lemma reducible_with_weightsE:
  fixes \<rho> :: "'g::monoid_mult \<Rightarrow> complex^'n^'n"
  assumes "reducible_with_weights \<rho> lams"
  obtains Vs where "length Vs = length lams" and "is_direct_sum Vs"
    and "\<forall>g. \<forall>i < length Vs. (*v) (\<rho> g) ` (Vs ! i) \<subseteq> Vs ! i"
    and "\<forall>i < length Vs. \<exists>m b. 0 < m \<and> inj_on b {..<m} \<and> vec.independent (b ` {..<m}) \<and>
           vec.span (b ` {..<m}) = Vs ! i \<and> triangular_basis \<rho> (lams ! i) b m"
proof -
  from assms obtain Vs :: "(complex^'n) set list" where
    len: "length Vs = length lams" and
    blocks: "\<forall>i < length lams.
       is_character (lams ! i) \<and> vec.subspace (Vs ! i) \<and> Vs ! i \<noteq> {0} \<and>
       (\<forall>g. \<forall>v \<in> Vs ! i. \<rho> g *v v \<in> Vs ! i) \<and>
       (\<exists>m b. inj_on b {..<m} \<and> vec.independent (b ` {..<m}) \<and>
          vec.span (b ` {..<m}) = Vs ! i \<and> triangular_basis \<rho> (lams ! i) b m)" and
    unique: "\<forall>v. \<exists>!f. is_decomposition Vs v f"
    unfolding reducible_with_weights_def triangular_basis_def is_decomposition_def by auto
  have "is_direct_sum Vs"
    using len blocks unique unfolding is_direct_sum_def by (auto intro: subspace_if_vec_subspace)
  moreover have "\<forall>g. \<forall>i < length Vs. (*v) (\<rho> g) ` (Vs ! i) \<subseteq> Vs ! i"
    using len blocks by auto
  moreover have "\<forall>i < length Vs. \<exists>m b. 0 < m \<and> inj_on b {..<m} \<and> vec.independent (b ` {..<m}) \<and>
      vec.span (b ` {..<m}) = Vs ! i \<and> triangular_basis \<rho> (lams ! i) b m"
    using len blocks by (metis gr0I lessThan_0 image_empty vec.span_empty)
  ultimately show thesis
    by (rule that[OF len])
qed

• _WHAT NEEDS TO BE DONE_
Nothing but the lines from the one with "using len blocks by auto" through the final line of the records may appear in the answer, and each must be transcribed exactly.

• _EXERCISE ANSWER_
    using len blocks by auto
  moreover have "\<forall>i < length Vs. \<exists>m b. 0 < m \<and> inj_on b {..<m} \<and> vec.independent (b ` {..<m}) \<and>
      vec.span (b ` {..<m}) = Vs ! i \<and> triangular_basis \<rho> (lams ! i) b m"
    using len blocks by (metis gr0I lessThan_0 image_empty vec.span_empty)
  ultimately show thesis
    by (rule that[OF len])
qed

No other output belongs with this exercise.